Personal information
- Full name: Víctor Villote Alegre
- Date of birth: 1 July 2004 (age 22)
- Place of birth: Barcelona, Spain
- Height: 1.83 m (6 ft 0 in)
- Position: Left-back

Team information
- Current team: Gimnàstic (on loan from Las Palmas)
- Number: 3

Youth career
- Espanyol
- Cornellà
- 2018–2019: Espanyol
- 2019–2020: EF Gavà
- 2020–2021: Unificación Bellvitge
- 2021–2022: Sants
- 2022–2023: Gimnàstic Manresa

Senior career*
- Years: Team / Apps / (Gls)
- 2023–2025: Atlètic Lleida / 59 / (3)
- 2025–: Las Palmas B / 29 / (1)
- 2026–: → Gimnàstic (loan) / 1 / (0)

= Víctor Villote =

Spanish footballer

Víctor Villote Alegre (born 1 July 2004) is a Spanish footballer who plays as a left-back for Gimnàstic de Tarragona, on loan from UD Las Palmas.

==Career==
Born in Barcelona, Catalonia, Villote began his career with RCD Espanyol, and subsequently represented local sides UE Cornellà, EF Gavà, UD Unificación Bellvitge, UE Sants and Club Gimnàstic de Manresa. On 22 September 2023, after finishing his formation, he was announced at CE Atlètic Lleida of the Lliga Elit.

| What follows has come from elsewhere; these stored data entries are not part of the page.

theorem theorem1:
  fixes al R0 lS Nm Nf B BS0 :: real
  assumes "0 < al" "al < 1" "R0 > 0" "lS > 1" "Nm > 0" "Nf > 0" "B > 0"
    and "0 \<le> BS0" "BS0 < B"
  defines "th \<equiv> Nf * lS powr (1 / al - 1)"
  defines "REV \<equiv> revenue al R0 lS Nm Nf" and "SW \<equiv> welfare al R0 lS Nm Nf"
  shows "(BS0 \<le> th * B / (th + Nm) \<longrightarrow>
            {s. opt_alloc SW B BS0 s} = {(Nm * B / (th + Nm), th * B / (th + Nm))} \<and>
            {s. opt_alloc REV B BS0 s} = {(Nm * B / (th + Nm), th * B / (th + Nm))})
       \<and> (BS0 > th * B / (th + Nm) \<longrightarrow>
            {s. opt_alloc SW B BS0 s} = {(B - BS0, BS0)} \<and>
            {s. opt_alloc REV B BS0 s} = {(B - BS0, BS0)} \<and>
            strict_loss SW B BS0 \<and> strict_loss REV B BS0)
       \<and> (\<forall>s. opt_alloc SW B BS0 s \<longrightarrow>
            (\<exists>p. opt_prices SW s p) \<and>
            (\<forall>p. opt_prices SW s p \<longrightarrow> market_clearing al R0 lS Nm Nf s p))
       \<and> (\<forall>s. opt_alloc REV B BS0 s \<longrightarrow>
            (\<exists>p. opt_prices REV s p) \<and>
            (\<forall>p. opt_prices REV s p \<longrightarrow> market_clearing al R0 lS Nm Nf s p))"
proof -
  note model = assms(1-6)
  define BMu BSu where "BMu = Nm * B / (th + Nm)" and "BSu = th * B / (th + Nm)"
  have "0 < th" using assms(4,6) by (simp add: th_def)
  moreover have "BMu + BSu = (th + Nm) * B / (th + Nm)"
    by (simp add: BMu_def BSu_def add_divide_distrib distrib_right)
  ultimately have unconstrained: "0 < BMu" "0 < BSu" "BMu + BSu = B" "th * BMu = Nm * BSu"
    using assms(5,7) by (simp_all add: BMu_def BSu_def)
  have opt_unconstrained: "\<exists>q. unique_optimum REV (market_clearing al R0 lS Nm Nf) B BS0' (BMu, BSu) q
      \<and> unique_optimum SW (market_clearing al R0 lS Nm Nf) B BS0' (BMu, BSu) q"
    if "0 \<le> BS0'" "BS0' \<le> BSu" for BS0'
    using threshold_split_unique_optimum[OF model that(1) unconstrained(1,2) that(2) unconstrained(3)]
      unconstrained(4) by (simp add: REV_def SW_def th_def)
  show ?thesis
  proof (cases "BS0 \<le> BSu")
    case True
    with opt_unconstrained assms(8) show ?thesis
      by (metis BMu_def BSu_def unique_optimum_opt_alloc not_le)
  next
    case False
    then have "th * B / (th + Nm) < BS0" by (simp add: BSu_def)
    then have "th * B < BS0 * (th + Nm)"
      using \<open>0 < th\<close> assms(5) by (simp add: divide_less_eq)
    then have "th * (B - BS0) \<le> Nm * BS0" by (simp add: algebra_simps)
    then obtain q where "unique_optimum REV (market_clearing al R0 lS Nm Nf) B BS0 (B - BS0, BS0) q"
      "unique_optimum SW (market_clearing al R0 lS Nm Nf) B BS0 (B - BS0, BS0) q"
      using threshold_split_unique_optimum[OF model assms(8), where BMs = "B - BS0" and BSs = BS0]
        assms(9) False unconstrained(2) by (auto simp: REV_def SW_def th_def)
    moreover obtain q' where "unique_optimum REV (market_clearing al R0 lS Nm Nf) B 0 (BMu, BSu) q'"
      "unique_optimum SW (market_clearing al R0 lS Nm Nf) B 0 (BMu, BSu) q'"
      using opt_unconstrained[of 0] unconstrained by auto
    moreover have "(BMu, BSu) \<notin> feasible B BS0" using False by (simp add: feasible_def)
    ultimately show ?thesis
      using False assms(8) unique_optimum_opt_alloc unique_optimum_strict_loss
      by (simp add: BSu_def) blast
  qed
qed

On 17 July 2025, after achieving two consecutive promotions, Villote signed for UD Las Palmas and was initially assigned to the reserves in Segunda Federación. On 1 September of the following year, he moved to Primera Federación side Gimnàstic de Tarragona on a one-year loan deal.